* _The records_:
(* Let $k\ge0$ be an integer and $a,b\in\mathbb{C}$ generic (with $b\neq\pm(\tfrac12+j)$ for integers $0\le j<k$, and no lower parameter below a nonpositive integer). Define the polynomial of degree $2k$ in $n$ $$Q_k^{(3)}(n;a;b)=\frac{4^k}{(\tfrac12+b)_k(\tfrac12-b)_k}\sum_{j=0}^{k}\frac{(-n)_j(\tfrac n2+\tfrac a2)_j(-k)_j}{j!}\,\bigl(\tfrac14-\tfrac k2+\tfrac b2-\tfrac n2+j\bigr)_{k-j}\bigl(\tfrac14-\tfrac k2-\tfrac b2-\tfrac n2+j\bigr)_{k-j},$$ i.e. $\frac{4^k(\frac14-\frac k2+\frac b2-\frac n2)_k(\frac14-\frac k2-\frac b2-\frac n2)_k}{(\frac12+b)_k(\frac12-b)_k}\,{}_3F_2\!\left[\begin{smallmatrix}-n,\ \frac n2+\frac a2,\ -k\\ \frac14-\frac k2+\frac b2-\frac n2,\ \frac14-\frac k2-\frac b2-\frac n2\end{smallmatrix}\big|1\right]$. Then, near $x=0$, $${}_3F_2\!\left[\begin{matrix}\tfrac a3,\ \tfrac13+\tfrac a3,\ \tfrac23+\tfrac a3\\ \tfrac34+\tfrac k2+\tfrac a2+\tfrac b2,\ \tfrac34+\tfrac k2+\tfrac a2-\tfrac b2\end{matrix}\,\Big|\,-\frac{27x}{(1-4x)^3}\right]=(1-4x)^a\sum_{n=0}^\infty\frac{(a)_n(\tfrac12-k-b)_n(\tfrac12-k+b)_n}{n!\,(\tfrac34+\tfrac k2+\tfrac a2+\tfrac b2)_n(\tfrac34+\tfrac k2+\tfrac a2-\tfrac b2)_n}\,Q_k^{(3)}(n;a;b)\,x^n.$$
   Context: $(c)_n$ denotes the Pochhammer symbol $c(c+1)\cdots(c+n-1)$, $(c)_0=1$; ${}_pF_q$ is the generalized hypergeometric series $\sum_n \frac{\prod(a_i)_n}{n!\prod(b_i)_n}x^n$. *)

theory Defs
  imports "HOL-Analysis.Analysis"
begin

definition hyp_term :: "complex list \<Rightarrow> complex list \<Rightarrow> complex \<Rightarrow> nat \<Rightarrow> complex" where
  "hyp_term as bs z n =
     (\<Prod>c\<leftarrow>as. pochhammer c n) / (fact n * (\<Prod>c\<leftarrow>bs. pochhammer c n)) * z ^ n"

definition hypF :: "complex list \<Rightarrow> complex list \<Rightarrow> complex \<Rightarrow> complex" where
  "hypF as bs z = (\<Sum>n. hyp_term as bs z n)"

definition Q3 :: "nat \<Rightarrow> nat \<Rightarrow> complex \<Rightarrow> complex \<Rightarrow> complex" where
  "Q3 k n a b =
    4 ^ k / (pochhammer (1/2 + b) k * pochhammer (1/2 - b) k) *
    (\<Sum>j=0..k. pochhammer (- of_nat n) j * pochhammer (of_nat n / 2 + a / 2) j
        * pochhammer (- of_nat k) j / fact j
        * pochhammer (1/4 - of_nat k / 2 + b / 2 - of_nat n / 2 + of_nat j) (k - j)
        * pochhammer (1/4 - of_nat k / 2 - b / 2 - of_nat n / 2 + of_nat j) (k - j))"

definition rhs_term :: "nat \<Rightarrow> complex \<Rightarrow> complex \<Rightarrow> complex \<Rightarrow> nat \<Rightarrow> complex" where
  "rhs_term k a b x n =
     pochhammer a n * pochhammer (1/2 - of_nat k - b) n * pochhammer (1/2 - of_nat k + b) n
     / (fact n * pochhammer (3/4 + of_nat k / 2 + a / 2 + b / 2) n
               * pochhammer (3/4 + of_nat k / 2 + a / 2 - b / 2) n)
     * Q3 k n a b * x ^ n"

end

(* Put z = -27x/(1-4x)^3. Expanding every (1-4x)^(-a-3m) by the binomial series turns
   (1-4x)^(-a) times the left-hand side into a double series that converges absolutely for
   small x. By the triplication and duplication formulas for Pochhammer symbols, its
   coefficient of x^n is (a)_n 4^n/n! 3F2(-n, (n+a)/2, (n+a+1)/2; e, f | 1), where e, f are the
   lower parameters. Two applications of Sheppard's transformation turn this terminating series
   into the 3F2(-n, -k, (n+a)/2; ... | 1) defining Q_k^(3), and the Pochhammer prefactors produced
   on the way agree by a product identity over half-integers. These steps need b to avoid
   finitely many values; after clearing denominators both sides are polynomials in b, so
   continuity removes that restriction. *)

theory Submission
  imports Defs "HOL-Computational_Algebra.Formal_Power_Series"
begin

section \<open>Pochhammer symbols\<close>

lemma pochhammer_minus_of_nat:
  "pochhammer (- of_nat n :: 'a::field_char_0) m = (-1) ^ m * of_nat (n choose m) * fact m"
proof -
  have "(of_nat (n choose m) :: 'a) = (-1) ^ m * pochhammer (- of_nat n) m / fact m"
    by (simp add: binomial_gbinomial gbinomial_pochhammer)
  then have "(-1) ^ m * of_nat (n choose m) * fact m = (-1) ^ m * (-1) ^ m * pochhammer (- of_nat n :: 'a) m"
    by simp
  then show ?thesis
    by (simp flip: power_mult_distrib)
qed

* _Exercise aim_: Across the records, how many lines carry the word "have"? The answer should be a number alone.

* _Reply to the task_: 2